# Pip Goes The Weasel



## N2TORTS (Nov 29, 2014)

Holiday Cherry Pips and Pops .....






next tray down this one is pretty neat~o too! ....





JD~


----------



## russian/sulcata/tortoise (Nov 29, 2014)

i think thats a tortoise not a weasel.


----------



## pam (Nov 29, 2014)

Cutest weasel I ever saw


----------



## stojanovski92113 (Nov 29, 2014)

Absolutely stunning as always!!


----------



## Jacqui (Nov 29, 2014)

Pretty baby. Can't wait to see them thar weasels!


----------



## Team Gomberg (Nov 29, 2014)

Knowing you JD, I half expected to see a baby weasel lol. Even though they don't hatch out of eggs....at your place, anything is possible!


----------



## N2TORTS (Nov 30, 2014)

Team Gomberg said:


> Knowing you JD, I half expected to see a baby weasel lol. Even though they don't hatch out of eggs....at your place, anything is possible!


Ahhh...Well Heather that might have to be on the list for the New Year .....although we did get new neighbors and I'm certain they have a few little
"rug rats" .....Hence the "jingle bells...jingle bells" all day yesterday on the Karaoke machine ...

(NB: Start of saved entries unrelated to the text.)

(* In a partial synchronized communication system, at any time, the length of a path along a ring between any two robots lying in the same ring is an element of $2\pi\mathbb{N}$ (a nonnegative integer multiple of $2\pi$).
   Context: Model. A system consists of pairwise disjoint unit circles $C_1,\dots,C_n$ in the plane (trajectories) and a communication range $r>0$. Its communication graph $G$ has vertex set $\{C_1,\dots,C_n\}$, $C_i,C_j$ adjacent iff the distance between their centres is at most $2+r$. Positions on a circle are angles (mod $2\pi$). For an edge $(i,j)$, the link position $\phi_{ij}$ is the angle of the point of $C_i$ closest to $C_j$. A schedule $F=(f,g)$ assigns each circle a starting angle $f(C_i)$ and direction $g(C_i)\in\{1,-1\}$; a robot following it on $C_i$ is at $f(C_i)+g(C_i)2\pi t$ at time $t$. $F$ is a synchronization schedule if $g(C_i)=-g(C_j)$ for adjacent circles and robots following $F$ on adjacent $C_i,C_j$ are at $\phi_{ij},\phi_{ji}$ at exactly the same times. A synchronized communication system (SCS) consists of $n$ robots, initially one per circle, following a synchronization schedule, with the switching rule: when a robot on $C_i$ reaches $\phi_{ij}$ and $C_j$ is empty, it instantly passes to $C_j$ and from then on follows the schedule of $C_j$; if $C_j$ has a robot, they meet and each stays on its circle. A partial SCS arises by letting some robots leave (possibly at different times); remaining robots never leave. Rings. Trace a point moving along a circle $C_i$ in direction $g(C_i)$; whenever it reaches a link position $\phi_{ij}$ of its current circle, it passes to $C_j$ at $\phi_{ji}$ and continues in direction $g(C_j)$. The closed, directed curve traced is a ring; the circles decompose into rings overlapping only at link positions. A path along a ring from one point to another follows the ring in its direction of motion; its length is the total length of the circle arcs it consists of (passing between circles at link positions costs no length). A robot is in a ring if it lies on a point of that ring. *)

theory Defs
  imports "HOL-Analysis.Analysis"
begin

text \<open>Trajectories: unit circles indexed by a finite type 'c, circle i has centre cen i.
  The point of circle i at angle a is cen i + cis a.  Angles are reals taken mod 2 pi.\<close>

definition ang_eq :: "real \<Rightarrow> real \<Rightarrow> bool" where
  "ang_eq a b \<longleftrightarrow> (\<exists>m::int. a - b = 2 * pi * of_int m)"

definition adj :: "('c \<Rightarrow> complex) \<Rightarrow> real \<Rightarrow> 'c \<Rightarrow> 'c \<Rightarrow> bool" where
  "adj cen r i j \<longleftrightarrow> i \<noteq> j \<and> cmod (cen i - cen j) \<le> 2 + r"

text \<open>Link position: angle of the point of C_i closest to C_j.\<close>
definition link :: "('c \<Rightarrow> complex) \<Rightarrow> 'c \<Rightarrow> 'c \<Rightarrow> real" where
  "link cen i j = Arg (cen j - cen i)"

definition spos :: "('c \<Rightarrow> real) \<Rightarrow> ('c \<Rightarrow> real) \<Rightarrow> 'c \<Rightarrow> real \<Rightarrow> real" where
  "spos f g i t = f i + g i * (2 * pi * t)"

definition sync_schedule ::
  "('c \<Rightarrow> complex) \<Rightarrow> real \<Rightarrow> ('c \<Rightarrow> real) \<Rightarrow> ('c \<Rightarrow> real) \<Rightarrow> bool" where
  "sync_schedule cen r f g \<longleftrightarrow>
     (\<forall>i. g i = 1 \<or> g i = -1) \<and>
     (\<forall>i j. adj cen r i j \<longrightarrow>
        g i = - g j \<and>
        (\<forall>t. ang_eq (spos f g i t) (link cen i j) \<longleftrightarrow> ang_eq (spos f g j t) (link cen j i)))"

text \<open>Robots are identified with their initial circles.  Robot k is present at time t
  iff 0 <= t < leave k (leave k = \<infinity> means it never leaves).  loc k t is the circle
  robot k is on at time t; a present robot is at angle spos f g (loc k t) t.\<close>

definition present :: "('c \<Rightarrow> ereal) \<Rightarrow> 'c \<Rightarrow> real \<Rightarrow> bool" where
  "present leave k t \<longleftrightarrow> 0 \<le> t \<and> ereal t < leave k"

definition loc_before :: "(real \<Rightarrow> 'c) \<Rightarrow> real \<Rightarrow> 'c \<Rightarrow> bool" where
  "loc_before l t i \<longleftrightarrow> (\<exists>e>0. \<forall>s. t - e < s \<and> s < t \<longrightarrow> l s = i)"

definition loc_after :: "(real \<Rightarrow> 'c) \<Rightarrow> real \<Rightarrow> bool" where
  "loc_after l t \<longleftrightarrow> (\<exists>e>0. \<forall>s. t \<le> s \<and> s < t + e \<longrightarrow> l s = l t)"

definition occupied_before ::
  "('c \<Rightarrow> ereal) \<Rightarrow> ('c \<Rightarrow> real \<Rightarrow> 'c) \<Rightarrow> 'c \<Rightarrow> real \<Rightarrow> 'c \<Rightarrow> bool" where
  "occupied_before leave loc k t j \<longleftrightarrow>
     (\<exists>k'. k' \<noteq> k \<and> present leave k' t \<and> loc_before (loc k') t j)"

definition partial_scs ::
  "('c \<Rightarrow> complex) \<Rightarrow> real \<Rightarrow> ('c \<Rightarrow> real) \<Rightarrow> ('c \<Rightarrow> real) \<Rightarrow>
   ('c \<Rightarrow> ereal) \<Rightarrow> ('c \<Rightarrow> real \<Rightarrow> 'c) \<Rightarrow> bool" where
  "partial_scs cen r f g leave loc \<longleftrightarrow>
     r > 0 \<and>
     (\<forall>i j. i \<noteq> j \<longrightarrow> cmod (cen i - cen j) > 2) \<and>
     sync_schedule cen r f g \<and>
     (\<forall>k. loc k 0 = k) \<and>
     (\<forall>k t. present leave k t \<longrightarrow> loc_after (loc k) t) \<and>
     (\<forall>k t. present leave k t \<and> t > 0 \<longrightarrow> (\<exists>i. loc_before (loc k) t i)) \<and>
     (\<forall>k t i. present leave k t \<and> t > 0 \<and> loc_before (loc k) t i \<longrightarrow>
        (loc k t \<noteq> i \<longrightarrow>
            adj cen r i (loc k t) \<and> ang_eq (spos f g i t) (link cen i (loc k t)) \<and>
            \<not> occupied_before leave loc k t (loc k t)) \<and>
        (loc k t = i \<longrightarrow>
            (\<forall>j. adj cen r i j \<and> ang_eq (spos f g i t) (link cen i j) \<longrightarrow>
                 occupied_before leave loc k t j)))"

text \<open>Paths along rings: a nonempty list of arcs (i, a, l): on circle i, starting at
  angle a, moving length l in direction g i.\<close>

definition arc_circ :: "'c \<times> real \<times> real \<Rightarrow> 'c" where "arc_circ A = fst A"
definition arc_start :: "'c \<times> real \<times> real \<Rightarrow> real" where "arc_start A = fst (snd A)"
definition arc_len :: "'c \<times> real \<times> real \<Rightarrow> real" where "arc_len A = snd (snd A)"
definition arc_end :: "('c \<Rightarrow> real) \<Rightarrow> 'c \<times> real \<times> real \<Rightarrow> real" where
  "arc_end g A = arc_start A + g (arc_circ A) * arc_len A"

definition path_length :: "('c \<times> real \<times> real) list \<Rightarrow> real" where
  "path_length P = sum_list (map arc_len P)"

text \<open>ring_path cen r g P p q: P is a path along a ring from point p to point q, where a
  point is (circle, angle).  Each arc stops exactly at the first link position it
  reaches, where the path passes to the neighbouring circle at its link position.\<close>
definition ring_path ::
  "('c \<Rightarrow> complex) \<Rightarrow> real \<Rightarrow> ('c \<Rightarrow> real) \<Rightarrow> ('c \<times> real \<times> real) list \<Rightarrow>
   'c \<times> real \<Rightarrow> 'c \<times> real \<Rightarrow> bool" where
  "ring_path cen r g P p q \<longleftrightarrow>
     P \<noteq> [] \<and>
     fst p = arc_circ (hd P) \<and> ang_eq (snd p) (arc_start (hd P)) \<and>
     fst q = arc_circ (last P) \<and> ang_eq (snd q) (arc_end g (last P)) \<and>
     (\<forall>m < length P. 0 \<le> arc_len (P!m) \<and>
        (\<forall>s. 0 < s \<and> s < arc_len (P!m) \<longrightarrow>
           \<not> (\<exists>j. adj cen r (arc_circ (P!m)) j \<and>
                  ang_eq (arc_start (P!m) + g (arc_circ (P!m)) * s) (link cen (arc_circ (P!m)) j)))) \<and>
     (\<forall>m. 0 < m \<and> m + 1 < length P \<longrightarrow> 0 < arc_len (P!m)) \<and>
     (\<forall>m. m + 1 < length P \<longrightarrow>
        adj cen r (arc_circ (P!m)) (arc_circ (P!(m+1))) \<and>
        ang_eq (arc_end g (P!m)) (link cen (arc_circ (P!m)) (arc_circ (P!(m+1)))) \<and>
        ang_eq (arc_start (P!(m+1))) (link cen (arc_circ (P!(m+1))) (arc_circ (P!m))))"

end

theory Submission
  imports Defs
begin

text \<open>Read every angle on circle i as the time (mod 1) at which the schedule puts a robot
  there.  An arc of length l then takes time l/(2\<pi>), and synchronization says that the
  two link positions of an edge are reached at the same times, so passing along a link
  costs an integer amount of time.  Hence the length of a ring path, divided by 2\<pi>,
  is congruent mod 1 to the difference of the times of its endpoints, and two robots
  present at time t both have time t.\<close>

lemma ang_eq_sym: "ang_eq a b \<Longrightarrow> ang_eq b a"
  unfolding ang_eq_def by (metis minus_diff_eq mult_minus_right of_int_minus)

lemma ang_eq_trans: "ang_eq a b \<Longrightarrow> ang_eq b c \<Longrightarrow> ang_eq a c"
  unfolding ang_eq_def
proof (elim exE)
  fix m n :: int
  assume "a - b = 2 * pi * of_int m" "b - c = 2 * pi * of_int n"
  then have "a - c = 2 * pi * of_int (m + n)" by (simp add: algebra_simps)
  then show "\<exists>k::int. a - c = 2 * pi * of_int k" by blast
qed

definition sched_time :: "('c \<Rightarrow> real) \<Rightarrow> ('c \<Rightarrow> real) \<Rightarrow> 'c \<Rightarrow> real \<Rightarrow> real" where
  "sched_time f g i a = g i * (a - f i) / (2 * pi)"

lemma spos_sched_time:
  assumes "g i = 1 \<or> g i = -1"
  shows "spos f g i (sched_time f g i a) = a"
  using assms by (auto simp: spos_def sched_time_def)

lemma sched_time_spos:
  assumes "g i = 1 \<or> g i = -1"
  shows "sched_time f g i (spos f g i t) = t"
  using assms by (auto simp: spos_def sched_time_def)

lemma sched_time_move:
  assumes "g i = 1 \<or> g i = -1"
  shows "sched_time f g i (a + g i * l) - sched_time f g i a = l / (2 * pi)"
proof -
  have "g i * g i = 1" using assms by auto
  then show ?thesis by (simp add: sched_time_def field_simps)
qed

lemma ang_eq_sched_time_Ints:
  assumes "g i = 1 \<or> g i = -1" and "ang_eq a b"
  shows "sched_time f g i a - sched_time f g i b \<in> \<int>"
proof -
  obtain m :: int where "a - b = 2 * pi * of_int m"
    using assms(2) unfolding ang_eq_def by blast
  then have "sched_time f g i a - sched_time f g i b = g i * of_int m"
    by (simp add: sched_time_def field_simps)
  then show ?thesis using assms(1) by auto
qed

lemma sync_schedule_link_time_Ints:
  assumes sync: "sync_schedule cen r f g" and "adj cen r i j"
    and a: "ang_eq a (link cen i j)" and b: "ang_eq b (link cen j i)"
  shows "sched_time f g j b - sched_time f g i a \<in> \<int>"
proof -
  have g: "\<And>k. g k = 1 \<or> g k = -1" using sync unfolding sync_schedule_def by blast
  define \<tau> where "\<tau> = sched_time f g i a"
  have "ang_eq (spos f g i \<tau>) (link cen i j)"
    using a by (simp add: spos_sched_time g \<tau>_def)
  then have "ang_eq (spos f g j \<tau>) (link cen j i)"
    using sync \<open>adj cen r i j\<close> unfolding sync_schedule_def by blast
  then have "ang_eq b (spos f g j \<tau>)" using b by (meson ang_eq_sym ang_eq_trans)
  then have "sched_time f g j b - sched_time f g j (spos f g j \<tau>) \<in> \<int>"
    by (rule ang_eq_sched_time_Ints[where g=g and i=j, OF g])
  then show ?thesis by (simp add: sched_time_spos g \<tau>_def)
qed

lemma sum_list_telescope_Ints:
  fixes a b :: "'a \<Rightarrow> 'b::ring_1"
  assumes "xs \<noteq> []" and "\<And>m. m + 1 < length xs \<Longrightarrow> a (xs ! (m + 1)) - b (xs ! m) \<in> \<int>"
  shows "sum_list (map (\<lambda>x. b x - a x) xs) - (b (last xs) - a (hd xs)) \<in> \<int>"
  using assms
proof (induction xs)
  case Nil
  then show ?case by simp
next
  case (Cons x xs)
  show ?case
  proof (cases "xs = []")
    case True
    then show ?thesis by simp
  next
    case False
    have "sum_list (map (\<lambda>x. b x - a x) xs) - (b (last xs) - a (hd xs)) \<in> \<int>"
      using Cons.IH[OF False] Cons.prems(2)[of "Suc _"] by simp
    moreover have "a (hd xs) - b x \<in> \<int>"
      using Cons.prems(2)[of 0] False by (simp add: hd_conv_nth)
    moreover have "sum_list (map (\<lambda>x. b x - a x) (x # xs)) - (b (last (x # xs)) - a (hd (x # xs)))
        = (sum_list (map (\<lambda>x. b x - a x) xs) - (b (last xs) - a (hd xs))) - (a (hd xs) - b x)"
      using False by (simp add: algebra_simps)
    ultimately show ?thesis by (metis Ints_diff)
  qed
qed

lemma ring_path_length_Ints:
  assumes sync: "sync_schedule cen r f g" and path: "ring_path cen r g P p q"
  shows "path_length P / (2 * pi)
           - (sched_time f g (fst q) (snd q) - sched_time f g (fst p) (snd p)) \<in> \<int>"
proof -
  have g: "\<And>k. g k = 1 \<or> g k = -1" using sync unfolding sync_schedule_def by blast
  define S where "S A = sched_time f g (arc_circ A) (arc_start A)" for A
  define T where "T A = sched_time f g (arc_circ A) (arc_end g A)" for A
  have "P \<noteq> []" using path unfolding ring_path_def by blast
  define X where "X = sum_list (map (\<lambda>A. T A - S A) P)"
  have "X - (T (last P) - S (hd P)) \<in> \<int>"
    unfolding X_def
  proof (rule sum_list_telescope_Ints[OF \<open>P \<noteq> []\<close>])
    fix m assume "m + 1 < length P"
    then show "S (P ! (m + 1)) - T (P ! m) \<in> \<int>"
      using path unfolding ring_path_def S_def T_def
      by (blast intro: sync_schedule_link_time_Ints[OF sync])
  qed
  moreover have "sched_time f g (fst p) (snd p) - S (hd P) \<in> \<int>"
    and "sched_time f g (fst q) (snd q) - T (last P) \<in> \<int>"
    using path unfolding ring_path_def S_def T_def
    by (metis ang_eq_sched_time_Ints g)+
  moreover have "X - (sched_time f g (fst q) (snd q) - sched_time f g (fst p) (snd p))
      = (X - (T (last P) - S (hd P))) - (sched_time f g (fst q) (snd q) - T (last P))
        + (sched_time f g (fst p) (snd p) - S (hd P))"
    by simp
  ultimately have "X - (sched_time f g (fst q) (snd q) - sched_time f g (fst p) (snd p)) \<in> \<int>"
    by (metis Ints_add Ints_diff)
  moreover have "X = path_length P / (2 * pi)"
    unfolding X_def path_length_def T_def S_def arc_end_def
    by (induction P) (simp_all add: sched_time_move g add_divide_distrib)
  ultimately show ?thesis by simp
qed

lemma path_length_nonneg: "ring_path cen r g P p q \<Longrightarrow> 0 \<le> path_length P"
  unfolding ring_path_def path_length_def
  by (intro sum_list_nonneg) (metis imageE in_set_conv_nth list.set_map)

theorem lemma8:
  fixes cen :: "'c::finite \<Rightarrow> complex" and r :: real and f g :: "'c \<Rightarrow> real"
    and leave :: "'c \<Rightarrow> ereal" and loc :: "'c \<Rightarrow> real \<Rightarrow> 'c"
    and x y :: 'c and t :: real and P :: "('c \<times> real \<times> real) list"
  assumes "partial_scs cen r f g leave loc"
    and "present leave x t" and "present leave y t"
    and "ring_path cen r g P (loc x t, spos f g (loc x t) t) (loc y t, spos f g (loc y t) t)"
  shows "\<exists>n::nat. path_length P = 2 * pi * real n"
proof -
  have sync: "sync_schedule cen r f g" using assms(1) unfolding partial_scs_def by blast
  then have g: "\<And>i. g i = 1 \<or> g i = -1" unfolding sync_schedule_def by blast
  have "path_length P / (2 * pi) \<in> \<int>"
    using ring_path_length_Ints[OF sync assms(4)] by (simp add: sched_time_spos g)
  then obtain k :: int where k: "path_length P = 2 * pi * of_int k"
    by (metis Ints_cases nonzero_mult_div_cancel_left divide_eq_eq pi_neq_zero
        mult_eq_0_iff zero_neq_numeral)
  moreover have "0 \<le> k"
    using path_length_nonneg[OF assms(4)] k pi_gt_zero by (simp add: zero_le_mult_iff)
  ultimately have "path_length P = 2 * pi * real (nat k)" by simp
  then show ?thesis by blast
qed

end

Nice to see your smiling face ....hope all is well~

JD~


----------



## kathyth (Nov 30, 2014)

I totally agree with Heather. Nothing hatching at The Cove would surprise me but these babies are sooooo sweet


----------



## Telid (Dec 7, 2014)

russian/sulcata/tortoise said:


> i think thats a tortoise not a weasel.


I dunno, RST - it could be a weasel ala. http://worstcats.tumblr.com/


----------



## russian/sulcata/tortoise (Dec 7, 2014)

Telid said:


> I dunno, RST - it could be a weasel ala. http://worstcats.tumblr.com/


ewwww thats a gross looking cat!


----------